Dataset entries:
____________
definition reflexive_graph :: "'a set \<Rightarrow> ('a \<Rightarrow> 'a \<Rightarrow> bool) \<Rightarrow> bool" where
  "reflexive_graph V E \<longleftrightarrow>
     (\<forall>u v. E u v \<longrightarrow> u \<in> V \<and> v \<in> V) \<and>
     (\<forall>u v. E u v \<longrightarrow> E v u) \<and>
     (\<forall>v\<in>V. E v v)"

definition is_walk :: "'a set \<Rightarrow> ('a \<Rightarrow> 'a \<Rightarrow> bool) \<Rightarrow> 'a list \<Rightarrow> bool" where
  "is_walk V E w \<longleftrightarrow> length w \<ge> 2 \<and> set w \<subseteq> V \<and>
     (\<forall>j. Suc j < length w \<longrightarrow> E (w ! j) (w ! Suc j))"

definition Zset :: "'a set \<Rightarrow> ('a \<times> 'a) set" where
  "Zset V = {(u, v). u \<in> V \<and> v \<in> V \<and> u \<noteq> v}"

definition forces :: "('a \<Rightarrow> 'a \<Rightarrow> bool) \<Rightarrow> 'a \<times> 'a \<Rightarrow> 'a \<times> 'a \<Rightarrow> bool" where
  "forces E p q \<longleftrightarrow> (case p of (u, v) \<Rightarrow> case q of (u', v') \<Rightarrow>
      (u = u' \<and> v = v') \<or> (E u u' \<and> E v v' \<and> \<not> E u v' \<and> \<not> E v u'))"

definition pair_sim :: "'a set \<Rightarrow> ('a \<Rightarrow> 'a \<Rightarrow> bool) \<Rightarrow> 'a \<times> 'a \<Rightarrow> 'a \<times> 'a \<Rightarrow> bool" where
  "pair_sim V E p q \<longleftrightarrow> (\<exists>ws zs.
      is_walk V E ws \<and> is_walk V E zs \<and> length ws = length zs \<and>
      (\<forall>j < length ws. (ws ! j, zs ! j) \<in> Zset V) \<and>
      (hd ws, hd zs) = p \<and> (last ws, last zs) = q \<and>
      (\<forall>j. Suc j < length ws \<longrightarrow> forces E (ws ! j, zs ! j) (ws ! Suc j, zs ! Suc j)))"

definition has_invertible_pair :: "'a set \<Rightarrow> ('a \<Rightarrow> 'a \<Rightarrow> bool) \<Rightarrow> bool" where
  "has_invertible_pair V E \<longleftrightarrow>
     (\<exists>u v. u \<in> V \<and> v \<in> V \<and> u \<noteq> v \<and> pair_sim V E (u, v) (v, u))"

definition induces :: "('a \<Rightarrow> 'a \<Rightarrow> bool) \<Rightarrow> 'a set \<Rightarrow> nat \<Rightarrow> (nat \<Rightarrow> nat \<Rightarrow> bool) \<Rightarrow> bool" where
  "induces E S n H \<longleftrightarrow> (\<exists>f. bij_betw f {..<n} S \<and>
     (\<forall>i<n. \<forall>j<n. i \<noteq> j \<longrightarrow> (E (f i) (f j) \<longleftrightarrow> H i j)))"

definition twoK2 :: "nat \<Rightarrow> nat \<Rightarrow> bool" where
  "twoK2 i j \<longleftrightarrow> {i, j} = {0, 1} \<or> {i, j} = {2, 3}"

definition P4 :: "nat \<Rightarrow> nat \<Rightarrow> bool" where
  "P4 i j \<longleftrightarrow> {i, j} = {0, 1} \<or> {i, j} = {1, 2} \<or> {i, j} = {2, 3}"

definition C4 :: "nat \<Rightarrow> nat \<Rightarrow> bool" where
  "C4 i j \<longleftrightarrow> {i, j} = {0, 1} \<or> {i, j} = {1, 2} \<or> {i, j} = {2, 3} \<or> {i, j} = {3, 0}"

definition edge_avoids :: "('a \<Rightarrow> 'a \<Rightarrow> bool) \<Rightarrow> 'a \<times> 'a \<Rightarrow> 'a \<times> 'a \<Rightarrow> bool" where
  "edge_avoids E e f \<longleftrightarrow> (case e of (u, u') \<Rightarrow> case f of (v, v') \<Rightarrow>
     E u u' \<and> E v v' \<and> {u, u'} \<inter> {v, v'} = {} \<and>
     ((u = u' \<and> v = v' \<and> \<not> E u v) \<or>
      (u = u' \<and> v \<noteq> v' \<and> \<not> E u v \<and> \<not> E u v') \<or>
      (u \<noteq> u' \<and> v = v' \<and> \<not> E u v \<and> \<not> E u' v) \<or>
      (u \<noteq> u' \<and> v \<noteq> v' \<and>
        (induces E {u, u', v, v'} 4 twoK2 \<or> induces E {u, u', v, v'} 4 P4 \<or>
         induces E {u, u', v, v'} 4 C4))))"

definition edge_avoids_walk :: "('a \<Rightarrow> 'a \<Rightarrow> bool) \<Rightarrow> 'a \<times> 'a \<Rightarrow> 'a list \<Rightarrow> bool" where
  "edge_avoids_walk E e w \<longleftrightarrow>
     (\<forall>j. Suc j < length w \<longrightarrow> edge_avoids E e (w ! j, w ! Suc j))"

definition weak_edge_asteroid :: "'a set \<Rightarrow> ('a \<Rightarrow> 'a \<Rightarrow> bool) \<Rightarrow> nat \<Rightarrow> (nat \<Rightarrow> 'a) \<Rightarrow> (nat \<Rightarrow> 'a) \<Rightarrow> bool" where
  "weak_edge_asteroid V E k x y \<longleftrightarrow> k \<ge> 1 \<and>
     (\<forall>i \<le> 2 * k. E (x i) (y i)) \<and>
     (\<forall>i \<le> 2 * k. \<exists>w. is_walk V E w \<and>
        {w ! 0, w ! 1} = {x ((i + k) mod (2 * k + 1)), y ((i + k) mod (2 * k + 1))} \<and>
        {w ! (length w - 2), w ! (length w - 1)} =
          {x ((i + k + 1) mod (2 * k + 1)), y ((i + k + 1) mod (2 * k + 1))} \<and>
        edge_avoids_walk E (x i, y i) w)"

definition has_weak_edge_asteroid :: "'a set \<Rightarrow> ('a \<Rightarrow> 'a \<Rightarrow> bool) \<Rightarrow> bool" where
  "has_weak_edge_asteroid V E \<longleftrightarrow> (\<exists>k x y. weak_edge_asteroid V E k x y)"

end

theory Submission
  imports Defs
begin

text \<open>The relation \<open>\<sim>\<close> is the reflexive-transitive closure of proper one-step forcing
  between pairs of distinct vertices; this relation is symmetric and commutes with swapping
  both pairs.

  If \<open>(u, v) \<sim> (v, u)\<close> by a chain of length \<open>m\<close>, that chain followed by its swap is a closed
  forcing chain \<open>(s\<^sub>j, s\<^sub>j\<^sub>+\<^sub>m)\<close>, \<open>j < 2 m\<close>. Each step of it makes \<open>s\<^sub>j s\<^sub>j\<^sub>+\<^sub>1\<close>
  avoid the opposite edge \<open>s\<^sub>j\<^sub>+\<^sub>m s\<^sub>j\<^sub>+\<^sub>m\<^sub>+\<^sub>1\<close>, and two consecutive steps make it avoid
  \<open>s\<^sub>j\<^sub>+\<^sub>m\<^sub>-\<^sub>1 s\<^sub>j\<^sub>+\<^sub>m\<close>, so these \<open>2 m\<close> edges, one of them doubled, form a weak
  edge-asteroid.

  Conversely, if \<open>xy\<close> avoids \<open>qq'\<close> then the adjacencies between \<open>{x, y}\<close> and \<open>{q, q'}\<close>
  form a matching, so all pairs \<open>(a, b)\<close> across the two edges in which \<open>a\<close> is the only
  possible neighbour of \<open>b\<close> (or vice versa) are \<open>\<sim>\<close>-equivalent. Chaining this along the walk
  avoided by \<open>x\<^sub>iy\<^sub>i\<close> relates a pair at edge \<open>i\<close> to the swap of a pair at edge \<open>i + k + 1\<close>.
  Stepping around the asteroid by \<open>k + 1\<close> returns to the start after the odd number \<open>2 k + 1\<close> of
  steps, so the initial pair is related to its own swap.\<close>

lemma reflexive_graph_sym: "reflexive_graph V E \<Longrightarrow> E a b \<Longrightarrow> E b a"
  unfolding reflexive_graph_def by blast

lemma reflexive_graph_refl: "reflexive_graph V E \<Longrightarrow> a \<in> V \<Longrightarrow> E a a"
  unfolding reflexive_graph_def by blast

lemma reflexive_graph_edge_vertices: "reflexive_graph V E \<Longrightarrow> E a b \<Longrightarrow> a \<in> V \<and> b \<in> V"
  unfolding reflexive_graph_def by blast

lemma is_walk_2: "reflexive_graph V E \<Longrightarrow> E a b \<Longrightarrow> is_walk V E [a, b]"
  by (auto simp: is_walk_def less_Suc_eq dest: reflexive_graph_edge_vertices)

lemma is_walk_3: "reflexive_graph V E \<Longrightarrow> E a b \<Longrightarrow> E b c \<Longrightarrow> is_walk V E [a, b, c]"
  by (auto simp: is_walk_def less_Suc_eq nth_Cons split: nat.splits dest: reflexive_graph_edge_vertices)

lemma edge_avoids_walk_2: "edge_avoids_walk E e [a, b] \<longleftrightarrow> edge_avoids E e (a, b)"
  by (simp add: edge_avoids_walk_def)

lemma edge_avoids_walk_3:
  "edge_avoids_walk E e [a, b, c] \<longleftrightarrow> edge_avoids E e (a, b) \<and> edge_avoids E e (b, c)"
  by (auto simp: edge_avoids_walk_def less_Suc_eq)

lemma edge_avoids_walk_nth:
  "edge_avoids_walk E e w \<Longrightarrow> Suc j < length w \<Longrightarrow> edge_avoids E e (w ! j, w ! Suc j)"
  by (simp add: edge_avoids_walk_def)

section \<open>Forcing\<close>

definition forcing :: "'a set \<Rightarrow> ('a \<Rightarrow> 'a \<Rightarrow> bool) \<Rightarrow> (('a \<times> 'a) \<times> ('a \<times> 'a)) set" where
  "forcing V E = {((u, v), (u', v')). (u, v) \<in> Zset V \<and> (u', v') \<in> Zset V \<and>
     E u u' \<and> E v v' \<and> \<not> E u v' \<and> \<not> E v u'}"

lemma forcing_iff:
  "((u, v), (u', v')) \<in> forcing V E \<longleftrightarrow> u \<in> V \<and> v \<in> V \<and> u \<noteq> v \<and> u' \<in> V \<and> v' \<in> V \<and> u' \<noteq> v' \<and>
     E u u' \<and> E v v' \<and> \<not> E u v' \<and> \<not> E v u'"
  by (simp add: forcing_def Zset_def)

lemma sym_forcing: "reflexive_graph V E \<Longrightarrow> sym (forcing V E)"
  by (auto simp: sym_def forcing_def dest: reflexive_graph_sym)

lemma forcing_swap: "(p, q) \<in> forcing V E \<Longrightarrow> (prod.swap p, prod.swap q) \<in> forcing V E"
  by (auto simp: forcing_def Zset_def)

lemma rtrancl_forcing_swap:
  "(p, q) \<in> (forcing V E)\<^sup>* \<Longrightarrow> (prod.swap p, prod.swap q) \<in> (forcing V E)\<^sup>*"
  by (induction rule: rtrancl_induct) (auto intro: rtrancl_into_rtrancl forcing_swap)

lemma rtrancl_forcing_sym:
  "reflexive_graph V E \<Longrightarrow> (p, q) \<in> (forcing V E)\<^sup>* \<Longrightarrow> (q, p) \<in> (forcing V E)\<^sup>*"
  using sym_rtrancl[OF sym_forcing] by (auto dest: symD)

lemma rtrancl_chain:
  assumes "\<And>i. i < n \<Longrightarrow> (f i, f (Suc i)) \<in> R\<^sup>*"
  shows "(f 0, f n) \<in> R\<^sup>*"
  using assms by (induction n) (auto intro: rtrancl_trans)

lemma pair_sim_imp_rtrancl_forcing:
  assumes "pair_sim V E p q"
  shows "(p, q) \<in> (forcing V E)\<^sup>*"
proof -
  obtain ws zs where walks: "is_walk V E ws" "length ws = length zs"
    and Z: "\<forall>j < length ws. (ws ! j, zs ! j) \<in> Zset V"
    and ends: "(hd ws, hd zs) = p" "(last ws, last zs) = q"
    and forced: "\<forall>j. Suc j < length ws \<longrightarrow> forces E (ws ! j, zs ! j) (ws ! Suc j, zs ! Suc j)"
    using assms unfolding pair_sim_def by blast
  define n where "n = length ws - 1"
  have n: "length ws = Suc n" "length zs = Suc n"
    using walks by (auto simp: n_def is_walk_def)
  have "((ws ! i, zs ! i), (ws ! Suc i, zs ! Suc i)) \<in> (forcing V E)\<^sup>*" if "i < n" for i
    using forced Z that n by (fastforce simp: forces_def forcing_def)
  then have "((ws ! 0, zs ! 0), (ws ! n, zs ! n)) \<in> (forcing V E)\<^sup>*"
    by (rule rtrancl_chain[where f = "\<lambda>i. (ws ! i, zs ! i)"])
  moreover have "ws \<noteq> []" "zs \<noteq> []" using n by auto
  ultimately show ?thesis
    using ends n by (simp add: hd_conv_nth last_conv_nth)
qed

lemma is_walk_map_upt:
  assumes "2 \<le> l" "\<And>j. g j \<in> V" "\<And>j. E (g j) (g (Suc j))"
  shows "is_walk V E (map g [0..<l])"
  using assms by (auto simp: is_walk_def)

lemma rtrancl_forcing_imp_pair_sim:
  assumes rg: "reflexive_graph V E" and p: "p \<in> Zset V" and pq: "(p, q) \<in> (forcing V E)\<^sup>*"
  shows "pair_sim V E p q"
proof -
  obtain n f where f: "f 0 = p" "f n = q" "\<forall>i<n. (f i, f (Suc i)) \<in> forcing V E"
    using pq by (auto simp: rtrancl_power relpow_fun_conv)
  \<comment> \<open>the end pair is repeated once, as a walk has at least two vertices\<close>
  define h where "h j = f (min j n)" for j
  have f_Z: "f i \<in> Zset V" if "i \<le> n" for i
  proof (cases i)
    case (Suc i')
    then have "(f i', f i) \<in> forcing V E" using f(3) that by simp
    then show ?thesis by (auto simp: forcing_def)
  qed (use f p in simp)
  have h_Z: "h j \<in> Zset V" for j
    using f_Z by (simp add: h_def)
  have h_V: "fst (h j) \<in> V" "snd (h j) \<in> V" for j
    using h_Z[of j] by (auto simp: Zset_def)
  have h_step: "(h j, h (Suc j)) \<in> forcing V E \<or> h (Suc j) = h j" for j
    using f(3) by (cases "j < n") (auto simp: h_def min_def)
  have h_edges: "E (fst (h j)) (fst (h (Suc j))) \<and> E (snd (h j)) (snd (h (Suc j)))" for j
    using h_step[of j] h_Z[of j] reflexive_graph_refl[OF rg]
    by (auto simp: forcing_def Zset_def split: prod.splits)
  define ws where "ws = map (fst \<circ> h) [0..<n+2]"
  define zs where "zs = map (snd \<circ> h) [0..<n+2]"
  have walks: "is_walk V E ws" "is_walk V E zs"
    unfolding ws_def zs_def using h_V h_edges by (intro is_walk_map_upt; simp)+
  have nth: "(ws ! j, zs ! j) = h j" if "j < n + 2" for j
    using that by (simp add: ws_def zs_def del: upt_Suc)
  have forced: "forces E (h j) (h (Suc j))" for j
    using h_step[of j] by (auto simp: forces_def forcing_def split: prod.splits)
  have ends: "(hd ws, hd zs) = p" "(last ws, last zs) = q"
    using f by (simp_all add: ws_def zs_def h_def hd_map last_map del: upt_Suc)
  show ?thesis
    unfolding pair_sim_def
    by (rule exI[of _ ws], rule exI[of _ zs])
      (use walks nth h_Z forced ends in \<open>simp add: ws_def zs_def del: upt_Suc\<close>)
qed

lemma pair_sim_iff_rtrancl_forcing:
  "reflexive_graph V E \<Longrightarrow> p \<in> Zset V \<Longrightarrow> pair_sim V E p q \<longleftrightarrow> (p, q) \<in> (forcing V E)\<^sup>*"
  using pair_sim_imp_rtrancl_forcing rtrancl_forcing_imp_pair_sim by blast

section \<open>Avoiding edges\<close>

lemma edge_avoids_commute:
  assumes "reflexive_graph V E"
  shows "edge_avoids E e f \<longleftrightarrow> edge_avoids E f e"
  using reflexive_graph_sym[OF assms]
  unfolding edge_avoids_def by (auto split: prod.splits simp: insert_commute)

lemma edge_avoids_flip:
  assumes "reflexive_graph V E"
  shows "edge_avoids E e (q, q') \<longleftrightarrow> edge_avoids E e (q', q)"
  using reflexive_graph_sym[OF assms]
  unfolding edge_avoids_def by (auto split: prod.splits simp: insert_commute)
____________
Take the lines above from the one containing "qed (use f p in simp)" down to the one containing "(h j) (h (Suc", and transcribe them exactly, both ends included.

> [Reply to the exercise]
  qed (use f p in simp)
  have h_Z: "h j \<in> Zset V" for j
    using f_Z by (simp add: h_def)
  have h_V: "fst (h j) \<in> V" "snd (h j) \<in> V" for j
    using h_Z[of j] by (auto simp: Zset_def)
  have h_step: "(h j, h (Suc j)) \<in> forcing V E \<or> h (Suc j) = h j" for j
    using f(3) by (cases "j < n") (auto simp: h_def min_def)
  have h_edges: "E (fst (h j)) (fst (h (Suc j))) \<and> E (snd (h j)) (snd (h (Suc j)))" for j
    using h_step[of j] h_Z[of j] reflexive_graph_refl[OF rg]
    by (auto simp: forcing_def Zset_def split: prod.splits)
  define ws where "ws = map (fst \<circ> h) [0..<n+2]"
  define zs where "zs = map (snd \<circ> h) [0..<n+2]"
  have walks: "is_walk V E ws" "is_walk V E zs"
    unfolding ws_def zs_def using h_V h_edges by (intro is_walk_map_upt; simp)+
  have nth: "(ws ! j, zs ! j) = h j" if "j < n + 2" for j
    using that by (simp add: ws_def zs_def del: upt_Suc)
  have forced: "forces E (h j) (h (Suc j))" for j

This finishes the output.